Forschungsprojekt ECOmmerce abgeschlossen

Der Online-Handel wächst gerade in Pandemie-Zeiten weiter und mit ihm das Aufkommen von Retouren, die eine erhebliche Umweltbelastung darstellen. Die Firmen Avalution (Kaiserslautern) und Assyst (München) haben gemeinsam mit Partnern im Rahmen eines Forschungsprojekts eine Lösung entwickelt, die durch Passformempfehlung den Anteil an Retouren deutlich reduzieren will.

Zwei Jahre lang haben Avalution und Assyst gemeinsam mit dem DITF Denkendorf im Projekt ECOmmerce geforscht, das von der Deutschen Bundesstiftung Umwelt gefördert wurde. Im Rahmen des Forschungsprojekts wurde eine technologische Lösung entwickelt, die dazu beitragen soll, die Anzahl an Retouren im Online-Handel deutlich zu reduzieren.

Richtiges Produkt wählen und Bewusstsein schaffen

Zwei Herausforderungen galt es innerhalb des Projektes miteinander zu einer Lösung zu vereinen: Wie kann ein Kunde zuhause am Bildschirm erkennen, ob ihm ein Kleidungsstück gefällt und passt, bevor er es physisch anprobiert hat und wie sensibilisiert man ihn gleichzeitig schon während des Bestellprozesses für die Auswirkungen, die sein Online-Einkaufsverhalten auf die Umwelt hat? „Es gilt den Kunden sowohl bei der Auswahl des richtigen Kleidungsstücks zu unterstützen, als auch ihn dafür zu sensibilisieren, dass jedes zurückgeschickte Produkt zu Lasten der Umwelt geht“, erläutert Projektleiter Dominik Michel von Avalution.

Expertisen zusammenführen

Avalution greift als Passform-Experte auf die weltweit größte Datenbank an menschlichen Bodyscans zu und kann so mit wenigen persönlichen Angaben einen individualisierbaren Avatar erstellen, der auf statistisch genauen Werten beruht. Das Schwesterunternehmen Assyst ist der deutsche Marktführer, wenn es um die 3D-Simulation von Bekleidung geht. „Das technologische Know-how der beiden Firmen war die Basis für die virtuelle Anprobe, die bereits erprobt und einsatzfähig ist“, sagt Dominik Michel. „Das DITF hat das Paket Öko-Bilanzierung bearbeitet und dafür eine ökologische Nachhaltigkeitsbewertung der Bestellprozesse entwickelt. In der zweiten Projekthälfte haben wir eine Plattform mit echten Daten eines großen Modeunternehmens entwickelt, in dem wir die Technologien demonstratorhaft zusammengeführt haben und die Erkenntnisse des Projekts damit in der Praxis erprobt.“ Insbesondere steht damit ein eCommerce-Demonstrator zur Verfügung, der durch Passformvisualisierung und ökologische Transparenz und Nachhaltigkeitsbewertung einen neuen Ansatz zur Retourenreduktion zeigt.

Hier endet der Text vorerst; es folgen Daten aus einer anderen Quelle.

(* Let $k\ge1$ be an integer, $r>0$, $\alpha,\beta>0$, and let $(X,\rho)$ be a finite semimetric space with the counting measure $\mu(A)=|A|$ such that $$T_{k+1}(X)\le \frac{\beta|X|^{k+1}}{(k+1)!}\qquad\text{and}\qquad T_k(X)\ge \frac{\alpha|X|^k}{k!}.$$ Let $X=\bigsqcup_{i=1}^n Z_i$ be any greedy cluster partition of $X$ with associated sets $X_i\subseteq Z_i$, and let $I_1=\{i\in\{1,\dots,n\}: (k+1)|X_i|\le |Z_i|\}$. Then $$\sum_{i\in I_1}|Z_i|\le \frac{(k+1)\beta}{\alpha}|X|.$$
   Context: A finite semimetric space $(X,\rho)$: $\rho$ is a nonnegative symmetric function on $X\times X$ with $\rho(x,x)=0$ satisfying the triangle inequality, where distinct points may be at distance $0$. A $2r$-cluster is a subset of diameter at most $2r$. For $x\in X$ and nonempty $A\subseteq X$, $\rho(x,A)=\min_{a\in A}\rho(x,a)$. For an integer $m\ge1$, $T_m(X)=\frac{1}{m!}\,\#\{(x_1,\dots,x_m)\in X^m:\rho(x_i,x_j)>r \text{ for all } 1\le i<j\le m\}$. Greedy cluster partition: let $X_1$ be a $2r$-cluster of maximal cardinality in $X$ (any one, if several) and $Z_1=\{x\in X:\rho(x,X_1)<r\}$. Given pairwise disjoint $Z_1,\dots,Z_m$ with $R_m=X\setminus\bigcup_{i\le m}Z_i\neq\emptyset$, let $X_{m+1}$ be a $2r$-cluster of maximal cardinality among subsets of $R_m$, and $Z_{m+1}=\{x\in R_m:\rho(x,X_{m+1})<r\}$. The procedure stops when the $Z_i$ cover $X$, giving $X=\bigsqcup_{i=1}^n Z_i$. *)

theory Defs
  imports Complex_Main
begin

definition semimetric_on :: "'a set \<Rightarrow> ('a \<Rightarrow> 'a \<Rightarrow> real) \<Rightarrow> bool" where
  "semimetric_on X rho \<longleftrightarrow>
     (\<forall>x\<in>X. \<forall>y\<in>X. rho x y \<ge> 0 \<and> rho x y = rho y x) \<and>
     (\<forall>x\<in>X. rho x x = 0) \<and>
     (\<forall>x\<in>X. \<forall>y\<in>X. \<forall>z\<in>X. rho x z \<le> rho x y + rho y z)"

definition cluster_in :: "('a \<Rightarrow> 'a \<Rightarrow> real) \<Rightarrow> real \<Rightarrow> 'a set \<Rightarrow> 'a set \<Rightarrow> bool" where
  "cluster_in rho r S A \<longleftrightarrow> A \<subseteq> S \<and> (\<forall>a\<in>A. \<forall>b\<in>A. rho a b \<le> 2 * r)"

definition max_cluster_in :: "('a \<Rightarrow> 'a \<Rightarrow> real) \<Rightarrow> real \<Rightarrow> 'a set \<Rightarrow> 'a set \<Rightarrow> bool" where
  "max_cluster_in rho r S A \<longleftrightarrow> cluster_in rho r S A \<and>
     (\<forall>B. cluster_in rho r S B \<longrightarrow> card B \<le> card A)"

definition set_dist :: "('a \<Rightarrow> 'a \<Rightarrow> real) \<Rightarrow> 'a \<Rightarrow> 'a set \<Rightarrow> real" where
  "set_dist rho x A = Min ((\<lambda>a. rho x a) ` A)"

definition T_count :: "'a set \<Rightarrow> ('a \<Rightarrow> 'a \<Rightarrow> real) \<Rightarrow> real \<Rightarrow> nat \<Rightarrow> real" where
  "T_count X rho r m = real (card {xs. length xs = m \<and> set xs \<subseteq> X \<and>
       (\<forall>i<m. \<forall>j<m. i < j \<longrightarrow> rho (xs ! i) (xs ! j) > r)}) / fact m"

definition greedy_cluster_partition ::
  "'a set \<Rightarrow> ('a \<Rightarrow> 'a \<Rightarrow> real) \<Rightarrow> real \<Rightarrow> nat \<Rightarrow> (nat \<Rightarrow> 'a set) \<Rightarrow> (nat \<Rightarrow> 'a set) \<Rightarrow> bool" where
  "greedy_cluster_partition X rho r n Xs Zs \<longleftrightarrow>
     (\<forall>i\<in>{1..n}.
        (let R = X - (\<Union>j\<in>{1..<i}. Zs j) in
           R \<noteq> {} \<and> max_cluster_in rho r R (Xs i) \<and>
           Zs i = {x\<in>R. set_dist rho x (Xs i) < r})) \<and>
     X = (\<Union>i\<in>{1..n}. Zs i)"

end

theory Submission
  imports Defs
begin

text \<open>Fix a separated k-tuple. A ball of radius r about any point has diameter at most 2r,
  so inside Z_i it is a cluster of the remainder from which X_i was chosen and has at most
  |X_i| points. Hence the k balls about the tuple cover at most k|X_i| \<le> k|Z_i|/(k+1) points
  of Z_i for i \<in> I_1, and at least |Z_i|/(k+1) points of Z_i are farther than r from every
  entry; each of them extends the tuple to a separated (k+1)-tuple. Double counting gives
  T_k(X) k! \<cdot> \<Sum>_{I_1}|Z_i| \<le> (k+1) T_{k+1}(X) (k+1)!, and the hypotheses on T_k, T_{k+1}
  turn this into the claim.\<close>

definition separated_tuples :: "'a set \<Rightarrow> ('a \<Rightarrow> 'a \<Rightarrow> real) \<Rightarrow> real \<Rightarrow> nat \<Rightarrow> 'a list set" where
  "separated_tuples X rho r m = {xs. length xs = m \<and> set xs \<subseteq> X \<and>
       (\<forall>i<m. \<forall>j<m. i < j \<longrightarrow> rho (xs ! i) (xs ! j) > r)}"

definition far_points :: "'a set \<Rightarrow> ('a \<Rightarrow> 'a \<Rightarrow> real) \<Rightarrow> real \<Rightarrow> 'a list \<Rightarrow> 'a set" where
  "far_points F rho r xs = {z\<in>F. \<forall>x\<in>set xs. r < rho x z}"

lemma T_count_eq_card_separated_tuples:
  "T_count X rho r m = real (card (separated_tuples X rho r m)) / fact m"
  by (simp add: T_count_def separated_tuples_def)

lemma finite_separated_tuples:
  assumes "finite X"
  shows "finite (separated_tuples X rho r m)"
proof (rule finite_subset)
  show "separated_tuples X rho r m \<subseteq> {xs. set xs \<subseteq> X \<and> length xs = m}"
    by (auto simp: separated_tuples_def)
  show "finite {xs. set xs \<subseteq> X \<and> length xs = m}"
    using assms by (rule finite_lists_length_eq)
qed

lemma append_far_point_separated:
  assumes "xs \<in> separated_tuples X rho r m" and "z \<in> far_points X rho r xs"
  shows "xs @ [z] \<in> separated_tuples X rho r (Suc m)"
proof -
  have len: "length xs = m" using assms(1) by (simp add: separated_tuples_def)
  have "r < rho ((xs @ [z]) ! i) ((xs @ [z]) ! j)" if "i < j" "j < Suc m" for i j
  proof (cases "j = m")
    case True
    with that len have "(xs @ [z]) ! i \<in> set xs" "(xs @ [z]) ! j = z"
      by (simp_all add: nth_append)
    with assms(2) show ?thesis by (simp add: far_points_def)
  next
    case False
    with that assms(1) show ?thesis by (simp add: separated_tuples_def nth_append)
  qed
  with assms len show ?thesis
    by (auto simp: separated_tuples_def far_points_def)
qed

lemma card_Sigma_far_points_le:
  assumes "finite X" and "F \<subseteq> X"
  shows "card (SIGMA xs:separated_tuples X rho r m. far_points F rho r xs)
           \<le> card (separated_tuples X rho r (Suc m))"
proof (rule card_inj_on_le)
  show "inj_on (\<lambda>(xs, z). xs @ [z]) (SIGMA xs:separated_tuples X rho r m. far_points F rho r xs)"
    by (auto simp: inj_on_def)
  show "(\<lambda>(xs, z). xs @ [z]) ` (SIGMA xs:separated_tuples X rho r m. far_points F rho r xs)
          \<subseteq> separated_tuples X rho r (Suc m)"
    using assms(2) by (auto intro!: append_far_point_separated simp: far_points_def)
  show "finite (separated_tuples X rho r (Suc m))"
    using assms(1) by (rule finite_separated_tuples)
qed

lemma card_separated_tuples_mult_le:
  assumes "finite X" and "F \<subseteq> X"
    and far: "\<And>xs. xs \<in> separated_tuples X rho r m \<Longrightarrow> s \<le> c * card (far_points F rho r xs)"
  shows "card (separated_tuples X rho r m) * s \<le> c * card (separated_tuples X rho r (Suc m))"
proof -
  have finF: "finite (far_points F rho r xs)" for xs
    using assms(1,2) by (auto simp: far_points_def intro: finite_subset)
  have "card (separated_tuples X rho r m) * s
          \<le> (\<Sum>xs\<in>separated_tuples X rho r m. c * card (far_points F rho r xs))"
    using sum_mono[OF far] by simp
  also have "\<dots> = c * card (SIGMA xs:separated_tuples X rho r m. far_points F rho r xs)"
    using finite_separated_tuples[OF assms(1)] finF
    by (simp add: card_SigmaI sum_distrib_left)
  also have "\<dots> \<le> c * card (separated_tuples X rho r (Suc m))"
    using card_Sigma_far_points_le[OF assms(1,2)] by simp
  finally show ?thesis .
qed

lemma ball_cluster_in:
  assumes "semimetric_on X rho" and "x \<in> X" and "A \<subseteq> S" and "S \<subseteq> X"
  shows "cluster_in rho r S {z\<in>A. rho x z \<le> r}"
  unfolding cluster_in_def
proof (intro conjI ballI)
  fix a b assume a: "a \<in> {z\<in>A. rho x z \<le> r}" and b: "b \<in> {z\<in>A. rho x z \<le> r}"
  with assms(3,4) have "a \<in> X" "b \<in> X" by auto
  with assms(1,2) have "rho a b \<le> rho x a + rho x b"
    unfolding semimetric_on_def by (metis order_trans order_refl)
  with a b show "rho a b \<le> 2 * r" by simp
qed (use assms(3) in auto)

lemma card_ball_le_max_cluster:
  assumes "semimetric_on X rho" and "x \<in> X" and "A \<subseteq> S" and "S \<subseteq> X"
    and "max_cluster_in rho r S C"
  shows "card {z\<in>A. rho x z \<le> r} \<le> card C"
  using assms(5) ball_cluster_in[OF assms(1-4)] by (simp add: max_cluster_in_def)

lemma card_le_Suc_mult_card_far:
  assumes "finite Z" and "finite P" and "card P \<le> k"
    and near: "\<And>p. p \<in> P \<Longrightarrow> card {z\<in>Z. near p z} \<le> c"
    and "(k + 1) * c \<le> card Z"
  shows "card Z \<le> (k + 1) * card {z\<in>Z. \<forall>p\<in>P. \<not> near p z}"
proof -
  define far where "far = {z\<in>Z. \<forall>p\<in>P. \<not> near p z}"
  have "Z = far \<union> (\<Union>p\<in>P. {z\<in>Z. near p z})"
    by (auto simp: far_def)
  then have "card Z \<le> card far + card (\<Union>p\<in>P. {z\<in>Z. near p z})"
    using card_Un_le by metis
  also have "card (\<Union>p\<in>P. {z\<in>Z. near p z}) \<le> (\<Sum>p\<in>P. card {z\<in>Z. near p z})"
    using assms(2) by (rule card_UN_le)
  also have "\<dots> \<le> card P * c"
    using sum_bounded_above[of P "\<lambda>p. card {z\<in>Z. near p z}" c] near by simp
  also have "\<dots> \<le> k * c"
    using assms(3) by simp
  finally have "card Z \<le> card far + k * c"
    by simp
  then have "(k + 1) * card Z \<le> (k + 1) * (card far + k * c)"
    by (rule mult_le_mono2)
  also have "\<dots> = (k + 1) * card far + k * ((k + 1) * c)"
    by (simp add: algebra_simps)
  also have "\<dots> \<le> (k + 1) * card far + k * card Z"
    using assms(5) by simp
  finally show ?thesis
    by (simp add: far_def)
qed

lemma greedy_cluster_partitionD:
  assumes "greedy_cluster_partition X rho r n Xs Zs" and "i \<in> {1..n}"
  shows greedy_Zs_subset_remainder: "Zs i \<subseteq> X - (\<Union>j\<in>{1..<i}. Zs j)"
    and greedy_Xs_max_cluster: "max_cluster_in rho r (X - (\<Union>j\<in>{1..<i}. Zs j)) (Xs i)"
  using assms unfolding greedy_cluster_partition_def Let_def by fastforce+

lemma greedy_Zs_disjoint:
  assumes "greedy_cluster_partition X rho r n Xs Zs"
    and "i \<in> {1..n}" and "j \<in> {1..n}" and "i \<noteq> j"
  shows "Zs i \<inter> Zs j = {}"
proof (cases "i < j")
  case True
  with greedy_Zs_subset_remainder[OF assms(1,3)] assms(2) show ?thesis by auto
next
  case False
  with assms(4) have "j < i" by simp
  with greedy_Zs_subset_remainder[OF assms(1,2)] assms(3) show ?thesis by auto
qed

lemma greedy_large_Zs_far_bound:
  assumes "semimetric_on X rho" and "finite X"
    and greedy: "greedy_cluster_partition X rho r n Xs Zs"
    and I: "I \<subseteq> {i\<in>{1..n}. (k + 1) * card (Xs i) \<le> card (Zs i)}"
    and "set xs \<subseteq> X" and "length xs = k"
  shows "(\<Sum>i\<in>I. card (Zs i)) \<le> (k + 1) * card (far_points (\<Union>i\<in>I. Zs i) rho r xs)"
proof -
  have ZsX: "Zs i \<subseteq> X" if "i \<in> I" for i
    using greedy_Zs_subset_remainder[OF greedy] I that by blast
  have finZs: "finite (Zs i)" if "i \<in> I" for i
    using ZsX[OF that] assms(2) by (rule finite_subset)
  have finI: "finite I"
    using I by (rule finite_subset) simp
  have per_cluster: "card (Zs i) \<le> (k + 1) * card (far_points (Zs i) rho r xs)" if i: "i \<in> I" for i
  proof -
    have i1: "i \<in> {1..n}" using I i by blast
    have "card {z\<in>Zs i. rho x z \<le> r} \<le> card (Xs i)" if "x \<in> set xs" for x
      using card_ball_le_max_cluster[OF assms(1) _ greedy_Zs_subset_remainder[OF greedy i1]
          _ greedy_Xs_max_cluster[OF greedy i1]] that assms(5) by blast
    moreover have "card (set xs) \<le> k"
      using assms(6) card_length by blast
    ultimately have "card (Zs i) \<le> (k + 1) * card {z\<in>Zs i. \<forall>x\<in>set xs. \<not> rho x z \<le> r}"
      using I i by (intro card_le_Suc_mult_card_far finZs) auto
    then show ?thesis by (simp add: far_points_def not_le)
  qed
  have "(\<Sum>i\<in>I. card (Zs i)) \<le> (\<Sum>i\<in>I. (k + 1) * card (far_points (Zs i) rho r xs))"
    using per_cluster by (rule sum_mono)
  also have "\<dots> = (k + 1) * card (\<Union>i\<in>I. far_points (Zs i) rho r xs)"
    using finI finZs greedy_Zs_disjoint[OF greedy] I
    by (subst card_UN_disjoint) (auto simp: far_points_def sum_distrib_left)
  also have "(\<Union>i\<in>I. far_points (Zs i) rho r xs) = far_points (\<Union>i\<in>I. Zs i) rho r xs"
    by (auto simp: far_points_def)
  finally show ?thesis .
qed

lemma bound_from_tuple_counts:
  fixes a b c s N \<alpha> \<beta> :: real
  assumes "\<alpha> > 0" and "N > 0" and "s \<ge> 0" and "c \<ge> 0"
    and "\<alpha> * N ^ k \<le> a" and "b \<le> \<beta> * N ^ (k + 1)" and "a * s \<le> c * b"
  shows "s \<le> c * \<beta> / \<alpha> * N"
proof -
  have "\<alpha> * s * N ^ k = (\<alpha> * N ^ k) * s"
    by (simp only: mult_ac)
  also have "\<dots> \<le> a * s"
    using assms(5,3) by (rule mult_right_mono)
  also have "\<dots> \<le> c * b"
    by (rule assms(7))
  also have "\<dots> \<le> c * (\<beta> * N ^ (k + 1))"
    using assms(6,4) by (rule mult_left_mono)
  also have "\<dots> = c * \<beta> * N * N ^ k"
    by (simp add: algebra_simps)
  finally have "\<alpha> * s * N ^ k \<le> c * \<beta> * N * N ^ k" .
  then have "\<alpha> * s \<le> c * \<beta> * N"
    using assms(2) by simp
  with assms(1) show ?thesis
    by (simp add: field_simps)
qed

theorem mainTheorem2:
  fixes X :: "'a set" and rho :: "'a \<Rightarrow> 'a \<Rightarrow> real"
    and r \<alpha> \<beta> :: real and k n :: nat and Xs Zs :: "nat \<Rightarrow> 'a set"
  assumes "k \<ge> 1" and "r > 0" and "\<alpha> > 0" and "\<beta> > 0"
    and "finite X" and "semimetric_on X rho"
    and "T_count X rho r (k + 1) \<le> \<beta> * real (card X) ^ (k + 1) / fact (k + 1)"
    and "T_count X rho r k \<ge> \<alpha> * real (card X) ^ k / fact k"
    and "greedy_cluster_partition X rho r n Xs Zs"
  shows "(\<Sum>i\<in>{i\<in>{1..n}. (k + 1) * card (Xs i) \<le> card (Zs i)}. real (card (Zs i)))
           \<le> real (k + 1) * \<beta> / \<alpha> * real (card X)"
proof -
  define I where "I = {i\<in>{1..n}. (k + 1) * card (Xs i) \<le> card (Zs i)}"
  define s where "s = (\<Sum>i\<in>I. card (Zs i))"
  have lhs_eq: "(\<Sum>i\<in>I. real (card (Zs i))) = real s"
    by (simp add: s_def)
  have ZsX: "(\<Union>i\<in>I. Zs i) \<subseteq> X"
    using greedy_Zs_subset_remainder[OF assms(9)] by (auto simp: I_def)
  have "card (separated_tuples X rho r k) * s \<le> (k + 1) * card (separated_tuples X rho r (Suc k))"
    using assms(5) ZsX unfolding s_def
    by (rule card_separated_tuples_mult_le)
       (intro greedy_large_Zs_far_bound[OF assms(6,5,9)], auto simp: I_def separated_tuples_def)
  then have counts: "real (card (separated_tuples X rho r k)) * real s
                       \<le> real (k + 1) * real (card (separated_tuples X rho r (k + 1)))"
    by (metis Suc_eq_plus1 of_nat_le_iff of_nat_mult)
  show ?thesis
  proof (cases "card X = 0")
    case True
    with assms(5) ZsX have "s = 0" by (auto simp: s_def I_def)
    with True lhs_eq show ?thesis by (simp add: I_def)
  next
    case False
    have "real s \<le> real (k + 1) * \<beta> / \<alpha> * real (card X)"
      using assms(3,7,8) False counts
      by (intro bound_from_tuple_counts[where a = "real (card (separated_tuples X rho r k))"
            and b = "real (card (separated_tuples X rho r (k + 1)))" and k = k])
         (simp_all add: T_count_eq_card_separated_tuples divide_le_cancel)
    with lhs_eq show ?thesis by (simp add: I_def)
  qed
qed

end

Ergebnis erzielt, auf dem sich aufbauen lässt

Innerhalb des Forschungsprojekts wurden die notwendigen Technologien, Infrastrukturen und Prozesse definiert und die Voraussetzungen für einen vollständig digitalen Vertriebsprozess geschaffen, der gleichzeitig die präzise, ökologische Bilanzierung eines Einkaufs transparent macht und die physikalisch korrekte Passform ermittelt. Das Projekt startete im Sommer 2018.

Durch die Corona-Pandemie wurde die Notwendigkeit einer schnelleren digitalen Prozesskette der Bekleidungsindustrie deutlich vor Augen geführt. „Für unser Projekt muss man sagen, dass die letzten Monate unseren Ergebnissen noch mehr Gewicht verliehen haben – jetzt ist es spannend zu sehen, was wie sich die Ergebnisse nun weiter nutzen lassen“, so Dominik Michel.